Avant même d’être diffusée, la nouvelle série Netflix, Insatiable, faisait déjà parler beaucoup d’elle, et pas en bien. “Grossophobe”, “homophobe”, ou encore “transphobe”, c’était à qui aurait la critique la plus dure envers la série. Laquelle, si elle est fondamentalement ratée, ne mérite toutefois pas toutes la polémique qu’elle a attiré.


Disons le d’emblée: oui, Insatiable est une mauvaise série. Les caractères ne sont pas suffisamment développés, leurs dialogues tombent quasi toujours à plat, le “fat-suit” enfilé à l’actrice principale est un des moins convaincants jamais vus à l’écran (non, les personnes en surpoids n’ont pas 6 mentons, un ventre de Bibendum et des jambes et des bras relativement fins) et pour qui la regarde en v.o., en prime, l’accent du Sud des States est massacrés par les acteurs choisis, originaires pour la plupart de la côte Est. Un vrai fiasco donc.
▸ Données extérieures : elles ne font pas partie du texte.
(* For every number of items $m\ge 3$, the class GS of valuations with the gross substitutes property on a set $X$ of $m$ items, viewed as a subset of $\mathbb{R}^{2^m-1}$ (via the coordinates $v(S)$, $\emptyset\ne S\subseteq X$), has Lebesgue measure zero; in particular its interior is empty.
   Context: A valuation on a finite set $X$ is a function $v:2^X\to\mathbb{R}_{\ge 0}$ with $v(\emptyset)=0$ and $v(A)\le v(B)$ whenever $A\subseteq B$. For a price vector $\vec p=(p_x)_{x\in X}$ of reals, $v(S\mid\vec p)=v(S)-\sum_{x\in S}p_x$, and the demand set $D(v\mid\vec p)$ is the family of sets $S\subseteq X$ maximizing $v(S\mid\vec p)$. A valuation $v$ has the gross substitutes property if for every item $i$, every price vector $\vec p$ and every price vector $\vec q\ge\vec p$ (coordinatewise) with $q_i=p_i$, whenever $i\in A$ for some $A\in D(v\mid\vec p)$ there exists $A'\in D(v\mid\vec q)$ with $i\in A'$. *)

theory Defs
  imports "HOL-Analysis.Analysis"
begin

definition valuation :: "'a set \<Rightarrow> ('a set \<Rightarrow> real) \<Rightarrow> bool" where
  "valuation X v \<longleftrightarrow> v {} = 0 \<and> (\<forall>S. S \<subseteq> X \<longrightarrow> 0 \<le> v S) \<and>
     (\<forall>A B. A \<subseteq> B \<and> B \<subseteq> X \<longrightarrow> v A \<le> v B)"

definition demand :: "'a set \<Rightarrow> ('a set \<Rightarrow> real) \<Rightarrow> ('a \<Rightarrow> real) \<Rightarrow> 'a set set" where
  "demand X v p = {S. S \<subseteq> X \<and> (\<forall>T. T \<subseteq> X \<longrightarrow> v T - sum p T \<le> v S - sum p S)}"

definition gross_substitutes :: "'a set \<Rightarrow> ('a set \<Rightarrow> real) \<Rightarrow> bool" where
  "gross_substitutes X v \<longleftrightarrow>
     (\<forall>i\<in>X. \<forall>p q. (\<forall>x\<in>X. p x \<le> q x) \<and> q i = p i \<and> (\<exists>A\<in>demand X v p. i \<in> A)
        \<longrightarrow> (\<exists>A'\<in>demand X v q. i \<in> A'))"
Et pourtant, de prime abord, le scénario n’avait rien de différent de la plupart des séries ou films pour ados, centrés sur un personnage principal victime de moqueries pour son physique jusqu’à sa transformation et a) sa revanche sur ceux qui lui en ont fait baver b) son baiser final avec le mec ou la meuf inaccessible du lycée.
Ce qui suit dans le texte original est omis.